[Records from a data source]
•••••
theorem lemma2p1:
  fixes a J u :: "'a::euclidean_space \<Rightarrow> real" and m \<epsilon> :: real
  assumes m_nonneg: "0 \<le> m" and m_le2: "m \<le> 2"
    and eps_pos: "\<epsilon> > 0"
    and a_cont: "continuous_on UNIV a"
    and J_int: "integrable lebesgue J"
    and J_nonneg: "\<And>z. J z \<ge> 0"
    and J_radial: "\<And>x y. norm x = norm y \<Longrightarrow> J x = J y"
    and J_mass: "(\<integral>z. J z \<partial>lebesgue) = 1"
    and u_meas: "u \<in> borel_measurable lebesgue"
    and u_bdd: "\<exists>C. AE x in lebesgue. \<bar>u x\<bar> \<le> C"
    and u_nonneg: "AE x in lebesgue. u x \<ge> 0"
    and eqn: "AE x in lebesgue.
      (conv (rescaled_kernel \<epsilon> J) u x - u x) / \<epsilon> powr m + u x * (a x - u x) = 0"
  shows "(AE x in lebesgue. u x > 0) \<or> (AE x in lebesgue. u x = 0)"
proof -
  define K where "K = rescaled_kernel \<epsilon> J"
  have K_int: "integrable lebesgue K"
    unfolding K_def using J_int eps_pos by (intro integrable_rescaled_kernel) auto
  have K_nonneg: "0 \<le> K z" for z
    unfolding K_def rescaled_kernel_def using J_nonneg eps_pos by simp
  have K_symmetric: "K (-z) = K z" for z
    unfolding K_def rescaled_kernel_def by (subst J_radial[of _ "(1 / \<epsilon>) *\<^sub>R z"]) auto
  have K_nontrivial: "\<not> (AE z in lebesgue. K z \<le> 0)"
    unfolding K_def using eps_pos J_nonneg J_mass by (intro rescaled_kernel_not_AE_nonpos) auto
  obtain C where "AE x in lebesgue. \<bar>u x\<bar> \<le> C" using u_bdd ..
  with u_nonneg have u_bounded: "AE y in lebesgue. 0 \<le> u y \<and> u y \<le> C"
    by eventually_elim auto
  have "AE x in lebesgue. u x = 0 \<longrightarrow> (AE y in lebesgue. 0 < K (x - y) \<longrightarrow> u y = 0)"
    using eqn
  proof eventually_elim
    case (elim x)
    show ?case
    proof
      assume "u x = 0"
      with elim have "conv K u x = 0"
        using eps_pos by (simp add: K_def)
      from AE_conv_integrand_eq_0[OF K_int K_nonneg u_meas u_bounded this]
      show "AE y in lebesgue. 0 < K (x - y) \<longrightarrow> u y = 0"
        by eventually_elim auto
    qed
  qed
  with u_meas u_nonneg K_int K_symmetric K_nontrivial show ?thesis
    by (intro AE_pos_or_AE_zero_if_kernel_closed) (auto intro: borel_measurable_integrable)
qed

end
•••••
_EXERCISE BRIEF_:
The reply should be a precise retyping of all the data.

_TASK ANSWER_:
theorem lemma2p1:
  fixes a J u :: "'a::euclidean_space \<Rightarrow> real" and m \<epsilon> :: real
  assumes m_nonneg: "0 \<le> m" and m_le2: "m \<le> 2"
    and eps_pos: "\<epsilon> > 0"
    and a_cont: "continuous_on UNIV a"
    and J_int: "integrable lebesgue J"
    and J_nonneg: "\<And>z. J z \<ge> 0"
    and J_radial: "\<And>x y. norm x = norm y \<Longrightarrow> J x = J y"
    and J_mass: "(\<integral>z. J z \<partial>lebesgue) = 1"
    and u_meas: "u \<in> borel_measurable lebesgue"
    and u_bdd: "\<exists>C. AE x in lebesgue. \<bar>u x\<bar> \<le> C"
    and u_nonneg: "AE x in lebesgue. u x \<ge> 0"
    and eqn: "AE x in lebesgue.
      (conv (rescaled_kernel \<epsilon> J) u x - u x) / \<epsilon> powr m + u x * (a x - u x) = 0"
  shows "(AE x in lebesgue. u x > 0) \<or> (AE x in lebesgue. u x = 0)"
proof -
  define K where "K = rescaled_kernel \<epsilon> J"
  have K_int: "integrable lebesgue K"
    unfolding K_def using J_int eps_pos by (intro integrable_rescaled_kernel) auto
  have K_nonneg: "0 \<le> K z" for z
    unfolding K_def rescaled_kernel_def using J_nonneg eps_pos by simp
  have K_symmetric: "K (-z) = K z" for z
    unfolding K_def rescaled_kernel_def by (subst J_radial[of _ "(1 / \<epsilon>) *\<^sub>R z"]) auto
  have K_nontrivial: "\<not> (AE z in lebesgue. K z \<le> 0)"
    unfolding K_def using eps_pos J_nonneg J_mass by (intro rescaled_kernel_not_AE_nonpos) auto
  obtain C where "AE x in lebesgue. \<bar>u x\<bar> \<le> C" using u_bdd ..
  with u_nonneg have u_bounded: "AE y in lebesgue. 0 \<le> u y \<and> u y \<le> C"
    by eventually_elim auto
  have "AE x in lebesgue. u x = 0 \<longrightarrow> (AE y in lebesgue. 0 < K (x - y) \<longrightarrow> u y = 0)"
    using eqn
  proof eventually_elim
    case (elim x)
    show ?case
    proof
      assume "u x = 0"
      with elim have "conv K u x = 0"
        using eps_pos by (simp add: K_def)
      from AE_conv_integrand_eq_0[OF K_int K_nonneg u_meas u_bounded this]
      show "AE y in lebesgue. 0 < K (x - y) \<longrightarrow> u y = 0"
        by eventually_elim auto
    qed
  qed
  with u_meas u_nonneg K_int K_symmetric K_nontrivial show ?thesis
    by (intro AE_pos_or_AE_zero_if_kernel_closed) (auto intro: borel_measurable_integrable)
qed

end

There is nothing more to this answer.